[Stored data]
= = = =

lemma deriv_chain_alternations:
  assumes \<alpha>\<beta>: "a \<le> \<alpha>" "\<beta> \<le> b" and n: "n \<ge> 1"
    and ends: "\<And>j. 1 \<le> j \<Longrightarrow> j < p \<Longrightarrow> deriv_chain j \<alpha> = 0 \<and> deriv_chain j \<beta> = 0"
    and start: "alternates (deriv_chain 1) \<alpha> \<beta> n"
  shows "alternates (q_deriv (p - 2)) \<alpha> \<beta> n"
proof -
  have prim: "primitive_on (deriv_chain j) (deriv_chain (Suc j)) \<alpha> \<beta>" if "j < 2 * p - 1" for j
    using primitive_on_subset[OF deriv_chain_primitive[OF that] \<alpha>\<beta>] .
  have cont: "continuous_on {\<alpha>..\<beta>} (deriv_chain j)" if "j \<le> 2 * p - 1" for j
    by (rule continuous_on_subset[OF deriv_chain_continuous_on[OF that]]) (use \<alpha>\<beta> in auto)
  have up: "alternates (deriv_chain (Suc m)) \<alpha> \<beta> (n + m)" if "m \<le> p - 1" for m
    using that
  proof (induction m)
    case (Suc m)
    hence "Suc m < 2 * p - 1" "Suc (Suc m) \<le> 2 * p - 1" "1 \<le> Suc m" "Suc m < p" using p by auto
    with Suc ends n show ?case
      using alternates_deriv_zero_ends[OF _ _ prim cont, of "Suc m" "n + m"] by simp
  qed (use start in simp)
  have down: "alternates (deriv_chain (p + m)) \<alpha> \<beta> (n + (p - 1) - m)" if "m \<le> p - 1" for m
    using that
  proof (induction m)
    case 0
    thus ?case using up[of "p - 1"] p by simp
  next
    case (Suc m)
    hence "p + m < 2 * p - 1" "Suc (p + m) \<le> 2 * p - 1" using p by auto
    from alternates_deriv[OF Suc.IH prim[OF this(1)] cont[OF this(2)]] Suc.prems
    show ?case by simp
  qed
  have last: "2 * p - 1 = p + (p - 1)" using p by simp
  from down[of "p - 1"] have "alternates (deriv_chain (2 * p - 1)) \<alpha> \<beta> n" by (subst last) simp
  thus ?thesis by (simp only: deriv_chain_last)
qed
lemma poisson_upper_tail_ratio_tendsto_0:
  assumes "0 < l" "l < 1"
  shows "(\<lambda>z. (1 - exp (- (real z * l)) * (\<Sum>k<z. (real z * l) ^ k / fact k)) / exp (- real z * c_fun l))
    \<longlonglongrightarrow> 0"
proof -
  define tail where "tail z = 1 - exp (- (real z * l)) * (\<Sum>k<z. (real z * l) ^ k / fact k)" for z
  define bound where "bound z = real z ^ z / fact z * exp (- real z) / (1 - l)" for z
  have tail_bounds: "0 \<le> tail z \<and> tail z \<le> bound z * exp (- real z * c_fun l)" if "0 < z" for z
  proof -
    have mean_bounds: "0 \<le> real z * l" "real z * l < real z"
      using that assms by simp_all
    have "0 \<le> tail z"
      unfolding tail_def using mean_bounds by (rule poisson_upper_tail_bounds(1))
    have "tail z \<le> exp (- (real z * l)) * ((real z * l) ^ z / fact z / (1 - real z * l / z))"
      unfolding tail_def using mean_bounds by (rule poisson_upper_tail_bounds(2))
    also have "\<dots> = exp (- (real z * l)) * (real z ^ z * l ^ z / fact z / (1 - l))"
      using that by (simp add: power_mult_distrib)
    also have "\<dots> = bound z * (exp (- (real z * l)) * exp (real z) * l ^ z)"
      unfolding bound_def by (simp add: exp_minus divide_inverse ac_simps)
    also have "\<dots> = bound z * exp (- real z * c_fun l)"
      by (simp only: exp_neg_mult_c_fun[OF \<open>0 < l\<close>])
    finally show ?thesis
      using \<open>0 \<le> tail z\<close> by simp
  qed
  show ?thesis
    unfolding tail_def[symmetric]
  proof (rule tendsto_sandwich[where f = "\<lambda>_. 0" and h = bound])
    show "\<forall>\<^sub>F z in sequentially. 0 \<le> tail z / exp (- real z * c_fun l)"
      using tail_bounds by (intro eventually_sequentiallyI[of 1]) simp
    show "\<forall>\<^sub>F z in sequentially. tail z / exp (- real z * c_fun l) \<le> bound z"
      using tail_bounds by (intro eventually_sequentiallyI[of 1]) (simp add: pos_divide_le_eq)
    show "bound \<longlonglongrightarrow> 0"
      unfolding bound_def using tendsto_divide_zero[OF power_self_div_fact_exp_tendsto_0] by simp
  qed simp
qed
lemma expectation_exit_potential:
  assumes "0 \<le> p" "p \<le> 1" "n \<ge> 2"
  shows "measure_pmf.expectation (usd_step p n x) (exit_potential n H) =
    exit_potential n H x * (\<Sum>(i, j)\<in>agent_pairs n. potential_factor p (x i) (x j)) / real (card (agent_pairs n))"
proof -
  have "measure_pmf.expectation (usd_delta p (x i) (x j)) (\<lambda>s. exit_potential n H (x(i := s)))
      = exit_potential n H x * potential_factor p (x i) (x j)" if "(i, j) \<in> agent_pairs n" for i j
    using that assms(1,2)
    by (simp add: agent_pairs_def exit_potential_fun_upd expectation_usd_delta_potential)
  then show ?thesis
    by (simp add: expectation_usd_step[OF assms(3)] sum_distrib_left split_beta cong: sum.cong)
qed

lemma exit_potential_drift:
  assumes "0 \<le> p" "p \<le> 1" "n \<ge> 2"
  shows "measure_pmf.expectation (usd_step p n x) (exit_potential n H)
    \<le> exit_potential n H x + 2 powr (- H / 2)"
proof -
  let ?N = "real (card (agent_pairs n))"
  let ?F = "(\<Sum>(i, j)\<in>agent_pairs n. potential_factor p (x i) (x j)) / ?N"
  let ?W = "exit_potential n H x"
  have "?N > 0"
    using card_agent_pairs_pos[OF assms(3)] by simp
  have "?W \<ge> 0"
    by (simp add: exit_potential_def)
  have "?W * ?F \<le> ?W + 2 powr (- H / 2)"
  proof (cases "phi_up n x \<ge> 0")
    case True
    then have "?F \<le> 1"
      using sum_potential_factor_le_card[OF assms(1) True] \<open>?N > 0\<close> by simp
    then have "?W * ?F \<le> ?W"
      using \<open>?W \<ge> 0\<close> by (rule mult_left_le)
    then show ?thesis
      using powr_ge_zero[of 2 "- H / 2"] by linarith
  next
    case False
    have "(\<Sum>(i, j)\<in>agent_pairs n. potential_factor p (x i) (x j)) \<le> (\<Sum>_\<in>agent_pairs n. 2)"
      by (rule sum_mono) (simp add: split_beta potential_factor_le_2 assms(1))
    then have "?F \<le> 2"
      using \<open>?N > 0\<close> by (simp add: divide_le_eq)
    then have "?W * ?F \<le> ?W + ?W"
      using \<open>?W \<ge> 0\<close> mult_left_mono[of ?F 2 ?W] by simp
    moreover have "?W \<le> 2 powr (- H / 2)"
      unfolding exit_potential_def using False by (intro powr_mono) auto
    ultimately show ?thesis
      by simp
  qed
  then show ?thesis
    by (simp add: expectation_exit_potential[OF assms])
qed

= = = =

● **YOUR GOAL**: Set down the entries above once more, verbatim.

● **REPLY**:
lemma deriv_chain_alternations:
  assumes \<alpha>\<beta>: "a \<le> \<alpha>" "\<beta> \<le> b" and n: "n \<ge> 1"
    and ends: "\<And>j. 1 \<le> j \<Longrightarrow> j < p \<Longrightarrow> deriv_chain j \<alpha> = 0 \<and> deriv_chain j \<beta> = 0"
    and start: "alternates (deriv_chain 1) \<alpha> \<beta> n"
  shows "alternates (q_deriv (p - 2)) \<alpha> \<beta> n"
proof -
  have prim: "primitive_on (deriv_chain j) (deriv_chain (Suc j)) \<alpha> \<beta>" if "j < 2 * p - 1" for j
    using primitive_on_subset[OF deriv_chain_primitive[OF that] \<alpha>\<beta>] .
  have cont: "continuous_on {\<alpha>..\<beta>} (deriv_chain j)" if "j \<le> 2 * p - 1" for j
    by (rule continuous_on_subset[OF deriv_chain_continuous_on[OF that]]) (use \<alpha>\<beta> in auto)
  have up: "alternates (deriv_chain (Suc m)) \<alpha> \<beta> (n + m)" if "m \<le> p - 1" for m
    using that
  proof (induction m)
    case (Suc m)
    hence "Suc m < 2 * p - 1" "Suc (Suc m) \<le> 2 * p - 1" "1 \<le> Suc m" "Suc m < p" using p by auto
    with Suc ends n show ?case
      using alternates_deriv_zero_ends[OF _ _ prim cont, of "Suc m" "n + m"] by simp
  qed (use start in simp)
  have down: "alternates (deriv_chain (p + m)) \<alpha> \<beta> (n + (p - 1) - m)" if "m \<le> p - 1" for m
    using that
  proof (induction m)
    case 0
    thus ?case using up[of "p - 1"] p by simp
  next
    case (Suc m)
    hence "p + m < 2 * p - 1" "Suc (p + m) \<le> 2 * p - 1" using p by auto
    from alternates_deriv[OF Suc.IH prim[OF this(1)] cont[OF this(2)]] Suc.prems
    show ?case by simp
  qed
  have last: "2 * p - 1 = p + (p - 1)" using p by simp
  from down[of "p - 1"] have "alternates (deriv_chain (2 * p - 1)) \<alpha> \<beta> n" by (subst last) simp
  thus ?thesis by (simp only: deriv_chain_last)
qed
lemma poisson_upper_tail_ratio_tendsto_0:
  assumes "0 < l" "l < 1"
  shows "(\<lambda>z. (1 - exp (- (real z * l)) * (\<Sum>k<z. (real z * l) ^ k / fact k)) / exp (- real z * c_fun l))
    \<longlonglongrightarrow> 0"
proof -
  define tail where "tail z = 1 - exp (- (real z * l)) * (\<Sum>k<z. (real z * l) ^ k / fact k)" for z
  define bound where "bound z = real z ^ z / fact z * exp (- real z) / (1 - l)" for z
  have tail_bounds: "0 \<le> tail z \<and> tail z \<le> bound z * exp (- real z * c_fun l)" if "0 < z" for z
  proof -
    have mean_bounds: "0 \<le> real z * l" "real z * l < real z"
      using that assms by simp_all
    have "0 \<le> tail z"
      unfolding tail_def using mean_bounds by (rule poisson_upper_tail_bounds(1))
    have "tail z \<le> exp (- (real z * l)) * ((real z * l) ^ z / fact z / (1 - real z * l / z))"
      unfolding tail_def using mean_bounds by (rule poisson_upper_tail_bounds(2))
    also have "\<dots> = exp (- (real z * l)) * (real z ^ z * l ^ z / fact z / (1 - l))"
      using that by (simp add: power_mult_distrib)
    also have "\<dots> = bound z * (exp (- (real z * l)) * exp (real z) * l ^ z)"
      unfolding bound_def by (simp add: exp_minus divide_inverse ac_simps)
    also have "\<dots> = bound z * exp (- real z * c_fun l)"
      by (simp only: exp_neg_mult_c_fun[OF \<open>0 < l\<close>])
    finally show ?thesis
      using \<open>0 \<le> tail z\<close> by simp
  qed
  show ?thesis
    unfolding tail_def[symmetric]
  proof (rule tendsto_sandwich[where f = "\<lambda>_. 0" and h = bound])
    show "\<forall>\<^sub>F z in sequentially. 0 \<le> tail z / exp (- real z * c_fun l)"
      using tail_bounds by (intro eventually_sequentiallyI[of 1]) simp
    show "\<forall>\<^sub>F z in sequentially. tail z / exp (- real z * c_fun l) \<le> bound z"
      using tail_bounds by (intro eventually_sequentiallyI[of 1]) (simp add: pos_divide_le_eq)
    show "bound \<longlonglongrightarrow> 0"
      unfolding bound_def using tendsto_divide_zero[OF power_self_div_fact_exp_tendsto_0] by simp
  qed simp
qed
lemma expectation_exit_potential:
  assumes "0 \<le> p" "p \<le> 1" "n \<ge> 2"
  shows "measure_pmf.expectation (usd_step p n x) (exit_potential n H) =
    exit_potential n H x * (\<Sum>(i, j)\<in>agent_pairs n. potential_factor p (x i) (x j)) / real (card (agent_pairs n))"
proof -
  have "measure_pmf.expectation (usd_delta p (x i) (x j)) (\<lambda>s. exit_potential n H (x(i := s)))
      = exit_potential n H x * potential_factor p (x i) (x j)" if "(i, j) \<in> agent_pairs n" for i j
    using that assms(1,2)
    by (simp add: agent_pairs_def exit_potential_fun_upd expectation_usd_delta_potential)
  then show ?thesis
    by (simp add: expectation_usd_step[OF assms(3)] sum_distrib_left split_beta cong: sum.cong)
qed

lemma exit_potential_drift:
  assumes "0 \<le> p" "p \<le> 1" "n \<ge> 2"
  shows "measure_pmf.expectation (usd_step p n x) (exit_potential n H)
    \<le> exit_potential n H x + 2 powr (- H / 2)"
proof -
  let ?N = "real (card (agent_pairs n))"
  let ?F = "(\<Sum>(i, j)\<in>agent_pairs n. potential_factor p (x i) (x j)) / ?N"
  let ?W = "exit_potential n H x"
  have "?N > 0"
    using card_agent_pairs_pos[OF assms(3)] by simp
  have "?W \<ge> 0"
    by (simp add: exit_potential_def)
  have "?W * ?F \<le> ?W + 2 powr (- H / 2)"
  proof (cases "phi_up n x \<ge> 0")
    case True
    then have "?F \<le> 1"
      using sum_potential_factor_le_card[OF assms(1) True] \<open>?N > 0\<close> by simp
    then have "?W * ?F \<le> ?W"
      using \<open>?W \<ge> 0\<close> by (rule mult_left_le)
    then show ?thesis
      using powr_ge_zero[of 2 "- H / 2"] by linarith
  next
    case False
    have "(\<Sum>(i, j)\<in>agent_pairs n. potential_factor p (x i) (x j)) \<le> (\<Sum>_\<in>agent_pairs n. 2)"
      by (rule sum_mono) (simp add: split_beta potential_factor_le_2 assms(1))
    then have "?F \<le> 2"
      using \<open>?N > 0\<close> by (simp add: divide_le_eq)
    then have "?W * ?F \<le> ?W + ?W"
      using \<open>?W \<ge> 0\<close> mult_left_mono[of ?F 2 ?W] by simp
    moreover have "?W \<le> 2 powr (- H / 2)"
      unfolding exit_potential_def using False by (intro powr_mono) auto
    ultimately show ?thesis
      by simp
  qed
  then show ?thesis
    by (simp add: expectation_exit_potential[OF assms])
qed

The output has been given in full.